Kim Steven, Kim Dong Sub, Moyle Hana, Heo Seong
Department of Mathematics and Statistics, California State University, Monterey Bay, Seaside, USA.
Department of Horticulture, Kongju National University, Yesan, Korea.
Plant Methods. 2023 Oct 11;19(1):106. doi: 10.1186/s13007-023-01084-0.
Managing and investigating all available genetic resources are challenging. As an alternative, breeders and researchers use core collection-a representative subset of the entire collection. A good core is characterized by high genetic diversity and low repetitiveness. Among the several available software, GenoCore uses a coverage criterion that does not require computationally expensive distance-based metrics.
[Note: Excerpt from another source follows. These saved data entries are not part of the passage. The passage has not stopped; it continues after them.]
lemma bipartite_crown_path_constant:
  fixes L H :: "'a set" and le (infix "\<preceq>" 50)
  defines "le \<equiv> bipartite_le L H"
  assumes LH: "L \<inter> H = {}" and x: "x \<in> L" "x' \<in> L" "x \<noteq> x'" and y: "y \<in> H" "y' \<in> H" "y \<noteq> y'"
    and paths: "pathin (bipartite_space L H) g" "pathin (bipartite_space L H) g'"
      "pathin (bipartite_space L H) h" "pathin (bipartite_space L H) h'"
    and crown: "\<And>t. t \<in> {0..1} \<Longrightarrow> g t \<preceq> h t" "\<And>t. t \<in> {0..1} \<Longrightarrow> g t \<preceq> h' t"
      "\<And>t. t \<in> {0..1} \<Longrightarrow> g' t \<preceq> h t" "\<And>t. t \<in> {0..1} \<Longrightarrow> g' t \<preceq> h' t"
    and r: "r \<in> {0..1}" "(g r, g' r, h r, h' r) = (x, x', y, y')"
    and t: "t \<in> {0..1}"
  shows "(g t, g' t, h t, h' t) = (x, x', y, y')"
proof -
  let ?W = "bipartite_space L H" and ?C = "L \<union> H"
  let ?down = "down_set ?C (\<preceq>)" and ?up = "up_set ?C (\<preceq>)"
  have tr: "transp_on ?C (\<preceq>)"
    unfolding le_def using LH by (rule transp_on_bipartite_le)
  have inC: "k s \<in> ?C" if "pathin ?W k" "s \<in> {0..1}" for k s
    using path_image_subset_topspace[OF that(1)] that(2) by auto
  have down_iff: "g s \<in> ?down x \<and> g' s \<in> ?down x' \<and> h s \<in> ?down y \<and> h' s \<in> ?down y' \<longleftrightarrow>
                  (g s, g' s, h s, h' s) = (x, x', y, y')"
    and up_iff: "g s \<in> ?up x \<and> g' s \<in> ?up x' \<and> h s \<in> ?up y \<and> h' s \<in> ?up y' \<longleftrightarrow>
                  (g s, g' s, h s, h' s) = (x, x', y, y')"
    if s: "s \<in> {0..1}" for s
    using bipartite_crown_extremal[OF LH x y crown[OF s, unfolded le_def], folded le_def]
      inC[OF paths(1) s] inC[OF paths(2) s] inC[OF paths(3) s] inC[OF paths(4) s]
    by (simp_all add: down_set_def up_set_def)
  have open_pre: "openin (top_of_set {0..1}) {s \<in> {0..1}. k s \<in> ?down z}"
    if "pathin ?W k" "z \<in> ?C" for k z
    using openin_continuous_map_preimage[OF that(1)[unfolded pathin_def]
        openin_down_set[OF tr that(2), unfolded le_def]]
    by (simp add: le_def)
  have closed_pre: "closedin (top_of_set {0..1}) {s \<in> {0..1}. k s \<in> ?up z}"
    if "pathin ?W k" "z \<in> ?C" for k z
    using closedin_continuous_map_preimage[OF that(1)[unfolded pathin_def]
        closedin_up_set[OF tr that(2), unfolded le_def]]
    by (simp add: le_def)
  define A where "A = {s \<in> {0..1}. (g s, g' s, h s, h' s) = (x, x', y, y')}"
  have "A = {s \<in> {0..1}. g s \<in> ?down x} \<inter> {s \<in> {0..1}. g' s \<in> ?down x'} \<inter>
            {s \<in> {0..1}. h s \<in> ?down y} \<inter> {s \<in> {0..1}. h' s \<in> ?down y'}"
    unfolding A_def using down_iff by blast
  then have "openin (top_of_set {0..1}) A"
    using open_pre paths x y by (simp add: openin_Int)
  moreover have "A = {s \<in> {0..1}. g s \<in> ?up x} \<inter> {s \<in> {0..1}. g' s \<in> ?up x'} \<inter>
                     {s \<in> {0..1}. h s \<in> ?up y} \<inter> {s \<in> {0..1}. h' s \<in> ?up y'}"
    unfolding A_def using up_iff by blast
  then have "closedin (top_of_set {0..1}) A"
    using closed_pre paths x y by (simp add: closedin_Int)
  moreover have "r \<in> A"
    using r by (simp add: A_def)
  ultimately have "A = {0..1}"
    using connected_Icc[of "0::real" 1] unfolding connected_clopen by blast
  with t have "t \<in> A"
    by simp
  then show ?thesis
    by (simp add: A_def)
qed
ShinyCore is a new method to select a core collection through two phases. The first phase uses the coverage criterion to quickly attain a fixed coverage, and the second phase uses a newly devised score (referred to as the rarity score) to further enhance diversity. It can attain a fixed coverage faster than a currently available algorithm devised for the coverage criterion, so it will benefit users who have big data. ShinyCore attains the minimum coverage specified by a user faster than GenoCore, and it then seeks to add entries with the rarest allele for each marker. Therefore, measures of genetic diversity and distance can be improved.
Although GenoCore is a fast algorithm, its implementation is difficult for those unfamiliar with R, ShinyCore can be easily implemented in Shiny with RStudio and an interactive web applet is available for those who are not familiar with programming languages.
管理和研究所有可用的遗传资源具有挑战性。作为一种替代方法,育种者和研究人员使用核心种质——整个种质库的一个具有代表性的子集。一个好的核心种质的特点是遗传多样性高且重复性低。在几种可用的软件中,GenoCore使用一种覆盖标准,该标准不需要基于距离的计算成本高昂的度量。
ShinyCore是一种通过两个阶段选择核心种质的新方法。第一阶段使用覆盖标准快速达到固定覆盖,第二阶段使用新设计的分数(称为稀有度分数)进一步提高多样性。它比目前为覆盖标准设计的算法更快地达到固定覆盖,因此将使拥有大数据的用户受益。ShinyCore比GenoCore更快地达到用户指定的最小覆盖,然后它会为每个标记寻找具有最稀有等位基因的条目。因此,可以提高遗传多样性和距离的度量。
尽管GenoCore是一种快速算法,但对于不熟悉R的人来说,它的实施很困难,ShinyCore可以很容易地在RStudio的Shiny中实现,并且为不熟悉编程语言的人提供了一个交互式网络小程序。